- ABOUT THIS EXERCISE:
Find the line with "using V_subset_cube01 cube01_coord by blast" in the records below. Copy it and every line after it, up to and including the line with "unfolding polytope_def using".

####################

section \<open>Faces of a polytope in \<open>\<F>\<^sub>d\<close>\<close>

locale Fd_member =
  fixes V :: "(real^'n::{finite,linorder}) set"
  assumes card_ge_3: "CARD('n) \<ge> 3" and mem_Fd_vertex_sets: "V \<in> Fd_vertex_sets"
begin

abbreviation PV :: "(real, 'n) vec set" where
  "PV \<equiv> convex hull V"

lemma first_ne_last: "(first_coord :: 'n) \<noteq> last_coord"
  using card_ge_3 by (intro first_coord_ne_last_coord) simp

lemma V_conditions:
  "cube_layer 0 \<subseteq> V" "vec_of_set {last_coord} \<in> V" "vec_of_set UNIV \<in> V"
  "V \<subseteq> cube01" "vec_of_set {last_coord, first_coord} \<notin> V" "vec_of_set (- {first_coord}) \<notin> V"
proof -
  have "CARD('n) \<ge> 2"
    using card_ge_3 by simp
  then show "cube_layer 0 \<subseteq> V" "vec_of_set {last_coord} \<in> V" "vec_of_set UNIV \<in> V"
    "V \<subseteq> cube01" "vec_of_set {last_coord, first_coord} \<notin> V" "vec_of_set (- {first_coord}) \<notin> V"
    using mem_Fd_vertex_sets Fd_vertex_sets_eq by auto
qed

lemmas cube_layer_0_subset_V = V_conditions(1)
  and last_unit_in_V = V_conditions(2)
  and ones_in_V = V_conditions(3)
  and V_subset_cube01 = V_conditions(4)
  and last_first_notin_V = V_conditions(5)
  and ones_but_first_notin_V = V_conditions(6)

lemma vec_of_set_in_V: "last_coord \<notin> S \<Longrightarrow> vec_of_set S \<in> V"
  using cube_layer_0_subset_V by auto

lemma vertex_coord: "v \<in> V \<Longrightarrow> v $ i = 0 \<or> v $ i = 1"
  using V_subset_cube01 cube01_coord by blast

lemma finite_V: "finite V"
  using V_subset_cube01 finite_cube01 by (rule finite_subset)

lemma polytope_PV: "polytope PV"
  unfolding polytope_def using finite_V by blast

####################

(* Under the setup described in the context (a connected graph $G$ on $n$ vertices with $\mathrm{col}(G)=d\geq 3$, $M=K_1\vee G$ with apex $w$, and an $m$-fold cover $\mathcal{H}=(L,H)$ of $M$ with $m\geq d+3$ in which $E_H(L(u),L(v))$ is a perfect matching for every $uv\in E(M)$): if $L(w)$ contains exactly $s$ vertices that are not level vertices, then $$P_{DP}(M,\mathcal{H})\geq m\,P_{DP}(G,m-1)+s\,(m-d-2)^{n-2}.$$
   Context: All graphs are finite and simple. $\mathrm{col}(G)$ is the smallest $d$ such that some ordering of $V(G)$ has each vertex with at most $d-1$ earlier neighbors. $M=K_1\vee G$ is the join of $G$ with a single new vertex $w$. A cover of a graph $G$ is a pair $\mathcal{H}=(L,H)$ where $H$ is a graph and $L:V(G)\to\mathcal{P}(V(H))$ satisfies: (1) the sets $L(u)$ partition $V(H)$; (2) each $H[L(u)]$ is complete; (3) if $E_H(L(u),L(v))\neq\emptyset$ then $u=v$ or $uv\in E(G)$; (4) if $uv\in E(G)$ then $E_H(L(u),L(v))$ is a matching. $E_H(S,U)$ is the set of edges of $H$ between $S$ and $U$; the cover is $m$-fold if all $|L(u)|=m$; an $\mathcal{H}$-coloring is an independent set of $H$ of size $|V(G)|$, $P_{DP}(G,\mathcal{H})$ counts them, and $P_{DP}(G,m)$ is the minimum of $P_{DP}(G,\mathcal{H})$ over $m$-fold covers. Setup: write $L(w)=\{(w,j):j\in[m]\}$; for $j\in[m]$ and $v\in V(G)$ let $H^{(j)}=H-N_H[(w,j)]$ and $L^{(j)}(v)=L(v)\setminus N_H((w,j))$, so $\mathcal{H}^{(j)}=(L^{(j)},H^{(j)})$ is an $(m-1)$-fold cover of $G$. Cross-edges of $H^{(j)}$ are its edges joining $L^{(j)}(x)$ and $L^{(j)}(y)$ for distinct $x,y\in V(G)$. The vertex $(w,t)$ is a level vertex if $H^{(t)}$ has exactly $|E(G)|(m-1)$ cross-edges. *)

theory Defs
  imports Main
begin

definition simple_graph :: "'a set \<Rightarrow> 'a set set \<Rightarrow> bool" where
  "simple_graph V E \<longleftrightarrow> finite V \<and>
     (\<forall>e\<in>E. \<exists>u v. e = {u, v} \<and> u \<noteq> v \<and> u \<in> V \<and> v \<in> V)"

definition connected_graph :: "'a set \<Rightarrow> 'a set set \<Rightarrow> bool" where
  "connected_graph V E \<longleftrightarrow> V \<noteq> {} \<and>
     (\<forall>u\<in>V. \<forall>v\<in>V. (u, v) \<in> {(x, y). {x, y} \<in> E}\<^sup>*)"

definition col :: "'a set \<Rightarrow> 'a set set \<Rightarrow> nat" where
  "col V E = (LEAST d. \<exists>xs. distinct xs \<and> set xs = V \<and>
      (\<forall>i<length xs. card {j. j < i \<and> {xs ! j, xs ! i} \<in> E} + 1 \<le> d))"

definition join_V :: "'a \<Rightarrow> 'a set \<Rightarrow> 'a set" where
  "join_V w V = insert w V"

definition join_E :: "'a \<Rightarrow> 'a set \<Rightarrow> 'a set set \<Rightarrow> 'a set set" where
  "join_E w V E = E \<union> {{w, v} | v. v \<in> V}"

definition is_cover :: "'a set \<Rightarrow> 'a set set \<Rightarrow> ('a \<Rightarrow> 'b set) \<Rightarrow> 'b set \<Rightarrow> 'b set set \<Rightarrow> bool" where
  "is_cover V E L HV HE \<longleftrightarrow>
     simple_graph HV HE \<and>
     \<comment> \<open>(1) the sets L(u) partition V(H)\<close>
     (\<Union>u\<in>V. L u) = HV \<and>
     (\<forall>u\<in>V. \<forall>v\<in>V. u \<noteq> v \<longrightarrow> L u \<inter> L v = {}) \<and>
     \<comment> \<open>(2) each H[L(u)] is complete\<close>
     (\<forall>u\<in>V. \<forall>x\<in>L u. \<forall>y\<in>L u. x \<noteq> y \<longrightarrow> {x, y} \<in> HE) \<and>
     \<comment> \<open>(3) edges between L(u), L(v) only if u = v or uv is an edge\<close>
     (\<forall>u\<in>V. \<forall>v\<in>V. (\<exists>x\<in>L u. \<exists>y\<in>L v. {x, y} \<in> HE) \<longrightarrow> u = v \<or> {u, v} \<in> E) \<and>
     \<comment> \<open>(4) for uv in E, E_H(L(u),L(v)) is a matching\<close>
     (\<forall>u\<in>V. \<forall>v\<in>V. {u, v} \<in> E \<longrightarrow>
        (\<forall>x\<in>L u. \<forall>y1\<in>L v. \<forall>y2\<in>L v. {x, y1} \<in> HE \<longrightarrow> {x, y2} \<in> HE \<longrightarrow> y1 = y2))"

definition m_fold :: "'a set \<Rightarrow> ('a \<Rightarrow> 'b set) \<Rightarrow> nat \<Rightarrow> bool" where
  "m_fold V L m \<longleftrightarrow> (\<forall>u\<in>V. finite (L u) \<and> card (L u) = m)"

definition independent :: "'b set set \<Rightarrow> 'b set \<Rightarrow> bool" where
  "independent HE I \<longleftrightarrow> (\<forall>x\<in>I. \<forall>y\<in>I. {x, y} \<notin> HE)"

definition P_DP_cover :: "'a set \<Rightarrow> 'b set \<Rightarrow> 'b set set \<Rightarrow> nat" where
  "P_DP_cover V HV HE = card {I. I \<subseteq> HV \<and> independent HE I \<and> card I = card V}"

####################

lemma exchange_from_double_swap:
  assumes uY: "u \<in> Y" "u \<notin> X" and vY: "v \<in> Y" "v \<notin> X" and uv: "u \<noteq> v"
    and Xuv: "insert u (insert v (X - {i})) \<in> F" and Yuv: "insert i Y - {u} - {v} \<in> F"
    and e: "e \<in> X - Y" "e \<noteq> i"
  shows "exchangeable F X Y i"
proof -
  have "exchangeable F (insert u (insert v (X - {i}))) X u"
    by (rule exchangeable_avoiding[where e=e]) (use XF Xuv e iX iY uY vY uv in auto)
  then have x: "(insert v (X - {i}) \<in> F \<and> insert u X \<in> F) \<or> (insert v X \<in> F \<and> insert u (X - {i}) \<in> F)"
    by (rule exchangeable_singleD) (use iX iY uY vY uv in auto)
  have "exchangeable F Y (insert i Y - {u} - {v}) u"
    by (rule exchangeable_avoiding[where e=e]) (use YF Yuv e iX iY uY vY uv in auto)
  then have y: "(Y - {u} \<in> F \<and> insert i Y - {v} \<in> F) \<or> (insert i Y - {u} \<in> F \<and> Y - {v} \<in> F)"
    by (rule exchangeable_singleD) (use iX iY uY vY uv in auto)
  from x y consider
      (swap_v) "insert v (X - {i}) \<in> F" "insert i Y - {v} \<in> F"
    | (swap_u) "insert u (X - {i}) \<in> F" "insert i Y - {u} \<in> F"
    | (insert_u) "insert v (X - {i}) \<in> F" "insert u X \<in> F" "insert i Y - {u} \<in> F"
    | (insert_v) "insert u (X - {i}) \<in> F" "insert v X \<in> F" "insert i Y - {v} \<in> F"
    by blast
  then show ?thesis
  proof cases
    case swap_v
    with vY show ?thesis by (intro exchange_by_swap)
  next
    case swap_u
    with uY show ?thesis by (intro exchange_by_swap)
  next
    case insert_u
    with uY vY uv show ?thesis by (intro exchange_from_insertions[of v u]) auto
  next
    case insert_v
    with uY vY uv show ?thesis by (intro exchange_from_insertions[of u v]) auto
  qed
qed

####################

- RESULT FOR THIS TASK:
  using V_subset_cube01 cube01_coord by blast

lemma finite_V: "finite V"
  using V_subset_cube01 finite_cube01 by (rule finite_subset)

lemma polytope_PV: "polytope PV"
  unfolding polytope_def using finite_V by blast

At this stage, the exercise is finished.